The same pattern applies to the Scanner plugin for QR/barcode reading, the File picker, the Microphone, and others. NativePHP abstracts the native permission prompts, camera access, and platform-specific APIs down to a consistent Laravel event interface.
Mobile v1.1: What Shipped Shortly After
The team followed up the v1 launch with v1.1 just weeks later, which addressed several things that the initial release left open.
The most notable change was a significant reduction in bundle size — PHP libraries on both iOS and Android were reduced by over 50%, with corresponding improvements in app install size. The v1.1 release also expanded the API architecture so that each native domain is its own class rather than methods hanging off a single System object. This restructuring was done in a backwards-compatible way, so existing v1 apps continue to work without changes.
Android 15 support arrived in v1.1 as well, with full edge-to-edge layout support so NativePHP apps render correctly under Android 15’s new default fullscreen behavior.

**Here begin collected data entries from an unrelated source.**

lemma coxeter_equiv_apply_swaps:
  "coxeter_equiv N u v \<Longrightarrow> within N u \<Longrightarrow> length x = N \<Longrightarrow> apply_swaps u x = apply_swaps v x"
  unfolding coxeter_equiv_def
proof (induction rule: rtranclp_induct)
  case (step y z)
  have "within N y"
    using step coxeter_equiv_within[of N u y] by (simp add: coxeter_equiv_def)
  then show ?case using step coxeter_step_apply_swaps by metis
qed simp

lemma apply_swaps_cancel: "within (length x) u \<Longrightarrow> apply_swaps (u @ rev u) x = x"
  using coxeter_equiv_apply_swaps[OF coxeter_equiv_cancel[of "length x" u], of x] by simp

lemma apply_swaps_rev_upt_Cons: "apply_swaps (rev [0..<length A]) (A @ y # B) = y # A @ B"
proof -
  have "apply_swaps [0..<length A] (y # A @ B) = A @ y # B"
    using apply_swaps_upt_mid[of "[]" A y B] by simp
  then show ?thesis
    using apply_swaps_cancel[of "y # A @ B" "[0..<length A]"]
    by (simp add: apply_swaps_append within_upt)
qed

lemma coxeter_step_equiv_at:
  "coxeter_step N u v \<Longrightarrow> within N u \<Longrightarrow> length x = N \<Longrightarrow> equiv_at x (virtual u) (virtual v)"
proof (induction rule: coxeter_step.induct)
  case (delete i a b)
  have "equiv_at (apply_swaps a x) [V i, V i] []"
    using delete by (intro equiv_at_V2) auto
  from equiv_at_virtual_cong[OF this, of "virtual b"] show ?case
    using delete by simp
next
  case (insert i a b)
  have "equiv_at (apply_swaps a x) [] [V i, V i]"
    using insert by (intro equiv_at_sym[OF equiv_at_V2]) auto
  from equiv_at_virtual_cong[OF this, of "virtual b"] show ?case
    using insert by simp
next
  case (braid i a b)
  have "equiv_at (apply_swaps a x) [V i, V (Suc i), V i] [V (Suc i), V i, V (Suc i)]"
    using braid by (intro equiv_at_V3) auto
  from equiv_at_virtual_cong[OF this, of "virtual b"] show ?case
    using braid by simp
next
  case (braid_rev i a b)
  have "equiv_at (apply_swaps a x) [V (Suc i), V i, V (Suc i)] [V i, V (Suc i), V i]"
    using braid_rev by (intro equiv_at_sym[OF equiv_at_V3]) auto
  from equiv_at_virtual_cong[OF this, of "virtual b"] show ?case
    using braid_rev by simp
next
  case (commute i j a b)
  have lx: "length (apply_swaps a x) = N"
    using commute by simp
  have "equiv_at (apply_swaps a x) [V i, V j] [V j, V i]"
  proof (cases "Suc (Suc i) \<le> j")
    case True
    have "equiv_at (apply_swaps a x) [V i, setpos (V j) (pos (V j) + bot_ar (V i) - top_ar (V i))] [V j, V i]"
      using True commute lx by (intro equiv_at_interchange') (auto simp: swap_at_def)
    then show ?thesis by simp
  next
    case False
    then have "equiv_at (apply_swaps a x) [V i, V j] [V j, setpos (V i) (pos (V i) + bot_ar (V j) - top_ar (V j))]"
      using commute lx by (intro equiv_at_interchange) (auto simp: swap_at_def)
    then show ?thesis by simp
  qed
  from equiv_at_virtual_cong[OF this, of "virtual b"] show ?case
    using commute by simp
qed

lemma coxeter_equiv_equiv_at:
  "coxeter_equiv N u v \<Longrightarrow> within N u \<Longrightarrow> length x = N \<Longrightarrow> equiv_at x (virtual u) (virtual v)"
  unfolding coxeter_equiv_def
proof (induction rule: rtranclp_induct)
  case (step y z)
  have "within N y"
    using step coxeter_equiv_within[of N u y] by (simp add: coxeter_equiv_def)
  then show ?case using step coxeter_step_equiv_at equiv_at_trans by blast
qed simp

lemma virtual_cancel: "within (length x) w \<Longrightarrow> equiv_at x (virtual (w @ rev w)) []"
  using coxeter_equiv_equiv_at[OF coxeter_equiv_cancel[of "length x" w], of x] by simp

lemma virtual_cancel': "within (length x) w \<Longrightarrow> equiv_at x (virtual (rev w @ w)) []"
  using virtual_cancel[of x "rev w"] by simp

text \<open>The word \<open>[a..<L]\<close> moves the entry at position \<open>a\<close> to position \<open>L\<close>.\<close>

lemma coxeter_equiv_cycles:
  "b < L \<Longrightarrow> L < N \<Longrightarrow> coxeter_equiv N ([b..<L] @ [b..<L-1] @ [L-1]) ([Suc b..<L] @ [b..<L-1])"
proof (induction "L - Suc b" arbitrary: b)
  case 0
  then have "b = L - 1" "[b..<L] = [b]" "[b..<L-1] = []" "[Suc b..<L] = []"
    by (auto simp: upt_conv_Cons)
  then show ?case
    using 0 coxeter_equiv_delete[of "L-1" N "[]" "[]"] by simp
next
  case (Suc d)
  have bL: "Suc b < L"
    using Suc by auto
  have u1: "[b..<L] = b # Suc b # [Suc (Suc b)..<L]" and u2: "[b..<L-1] = b # [Suc b..<L-1]"
    and u3: "[Suc b..<L] = Suc b # [Suc (Suc b)..<L]"
    using bL by (simp_all add: upt_conv_Cons)
  have c: "coxeter_equiv N ([Suc (Suc b)..<L] @ [b]) ([b] @ [Suc (Suc b)..<L])"
    using Suc bL by (intro coxeter_equiv_commute) (auto simp: within_upt within_def)
  have "coxeter_equiv N ([b..<L] @ [b..<L-1] @ [L-1])
      ([b, Suc b] @ ([Suc (Suc b)..<L] @ [b]) @ ([Suc b..<L-1] @ [L-1]))"
    unfolding u1 u2 by simp
  also have "coxeter_equiv N \<dots> ([b, Suc b] @ ([b] @ [Suc (Suc b)..<L]) @ ([Suc b..<L-1] @ [L-1]))"
    using coxeter_equiv_cong[OF c] by blast
  also have "\<dots> = [] @ b # Suc b # b # ([Suc (Suc b)..<L] @ [Suc b..<L-1] @ [L-1])"
    by simp
  also have "coxeter_equiv N \<dots> ([] @ Suc b # b # Suc b # ([Suc (Suc b)..<L] @ [Suc b..<L-1] @ [L-1]))"
    using bL Suc by (intro coxeter_equiv_braid) auto
  also have "\<dots> = [Suc b, b] @ ([Suc b..<L] @ [Suc b..<L-1] @ [L-1])"
    unfolding u3 by simp
  also have "coxeter_equiv N \<dots> ([Suc b, b] @ ([Suc (Suc b)..<L] @ [Suc b..<L-1]))"
    using Suc bL by (intro coxeter_equiv_append_left Suc.hyps) auto
  also have "\<dots> = [Suc b] @ ([b] @ [Suc (Suc b)..<L]) @ [Suc b..<L-1]"
    by simp
  also have "coxeter_equiv N \<dots> ([Suc b] @ ([Suc (Suc b)..<L] @ [b]) @ [Suc b..<L-1])"
    using coxeter_equiv_cong[OF coxeter_equiv_sym[OF c]] by blast
  also have "\<dots> = [Suc b..<L] @ [b..<L-1]"
    unfolding u2 u3 by simp
  finally show ?case .
qed

lemma coxeter_equiv_cycles_le:
  assumes "a \<le> b" "b < L" "L < N"
  shows "coxeter_equiv N ([a..<L] @ [b..<L-1] @ [L-1]) ([Suc b..<L] @ [a..<L-1])"
proof -
  have s1: "[a..<L] = [a..<b] @ [b..<L]" and s2: "[a..<L-1] = [a..<b] @ [b..<L-1]"
    using assms by (metis le_add_diff_inverse le_trans less_imp_le_nat upt_add_eq_append,
        metis Suc_diff_1 bot_nat_0.not_eq_extremum le_trans less_Suc_eq_le less_nat_zero_code
        upt_add_eq_append le_add_diff_inverse)
  have "[a..<L] @ [b..<L-1] @ [L-1] = [a..<b] @ ([b..<L] @ [b..<L-1] @ [L-1])"
    by (simp add: s1)
  also have "coxeter_equiv N \<dots> ([a..<b] @ ([Suc b..<L] @ [b..<L-1]))"
    using assms by (intro coxeter_equiv_append_left coxeter_equiv_cycles) auto
  also have "\<dots> = ([a..<b] @ [Suc b..<L]) @ [b..<L-1]"
    by simp
  also have "coxeter_equiv N \<dots> (([Suc b..<L] @ [a..<b]) @ [b..<L-1])"
    using assms by (intro coxeter_equiv_append_right coxeter_equiv_commute) (auto simp: within_upt)
  also have "\<dots> = [Suc b..<L] @ [a..<L-1]"
    unfolding s2 by simp
  finally show ?thesis .
qed

lemma coxeter_equiv_cycles_gt:
  assumes "c < j" "j \<le> L" "L < N"
  shows "coxeter_equiv N ([j..<L] @ [c..<L-1] @ [L-1]) ([c..<L] @ [j-1..<L-1])"
proof -
  have "coxeter_equiv N ([c..<L] @ [j-1..<L-1] @ [L-1]) ([Suc (j-1)..<L] @ [c..<L-1])"
    using assms by (intro coxeter_equiv_cycles_le) auto
  then have 1: "coxeter_equiv N ([c..<L] @ [j-1..<L-1] @ [L-1]) ([j..<L] @ [c..<L-1])"
    using assms by simp
  have "coxeter_equiv N ([j..<L] @ [c..<L-1] @ [L-1]) (([c..<L] @ [j-1..<L-1] @ [L-1]) @ [L-1])"
    using coxeter_equiv_append_right[OF coxeter_equiv_sym[OF 1], of "[L-1]"] by simp
  also have "coxeter_equiv N \<dots> ([c..<L] @ [j-1..<L-1])"
    using assms coxeter_equiv_delete[of "L-1" N "[c..<L] @ [j-1..<L-1]" "[]"] by simp
  finally show ?thesis .
qed

fun index_of :: "'a \<Rightarrow> 'a list \<Rightarrow> nat" where
  "index_of x [] = 0"
| "index_of x (a # xs) = (if a = x then 0 else Suc (index_of x xs))"

lemma index_of_append_Cons: "y \<notin> set A \<Longrightarrow> index_of y (A @ y # B) = length A"
  by (induction A) auto

primrec sorting_word :: "nat \<Rightarrow> 'a list \<Rightarrow> 'a list \<Rightarrow> nat list" where
  "sorting_word 0 xs ys = []"
| "sorting_word (Suc n) xs ys =
     [index_of (last ys) xs..<n] @ sorting_word n (remove1 (last ys) xs) (butlast ys)"

lemma sorting_word_Suc:
  "y \<notin> set A \<Longrightarrow> sorting_word (Suc n) (A @ y # B) (ys @ [y]) = [length A..<n] @ sorting_word n (A @ B) ys"
  by (simp add: index_of_append_Cons remove1_append)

The documentation was also substantially rebuilt around the v1.1 release, organized into Getting Started, The Basics, Concepts, and APIs sections that reflect how developers actually approach building an app rather than just listing available methods.
The Bigger Picture
For PHP developers who have spent years building web applications, NativePHP Mobile v1 opens a door that previously required learning a second technology stack from scratch. The ability to take an existing Laravel application — models, services, queues, all of it — and extend it into a mobile experience that ships on the App Store and Google Play is a qualitative change, not just a convenience.
It is worth being clear about trade-offs. NativePHP is not the right choice for graphically intensive apps, games, or cases where you need fine-grained control over the native UI layer. What it is genuinely good for is data-driven business applications: internal tools, field service apps, customer portals, companion apps to your existing web platform. These are exactly the kinds of apps Laravel developers are already building for the web.
The free pricing on the core framework also signals something meaningful about the project’s direction. NativePHP is positioning itself as infrastructure for the Laravel ecosystem, not a premium add-on. The business model is built around premium plugins and the Starter Kit bundle — the platform itself stays free. That is a sustainable model, and it removes the barrier that previously made the early betas feel risky to adopt seriously.
Getting Started
NativePHP Mobile is available at nativephp.com. The official documentation covers installation, configuration, and all available plugins in detail. If you have an existing Laravel application and want to see what a mobile extension would look like, the introduction section of the docs is the right place to start.
Install the Jump companion app first — it is the fastest way to feel what NativePHP-powered apps actually feel like on a real device before you commit to a build pipeline.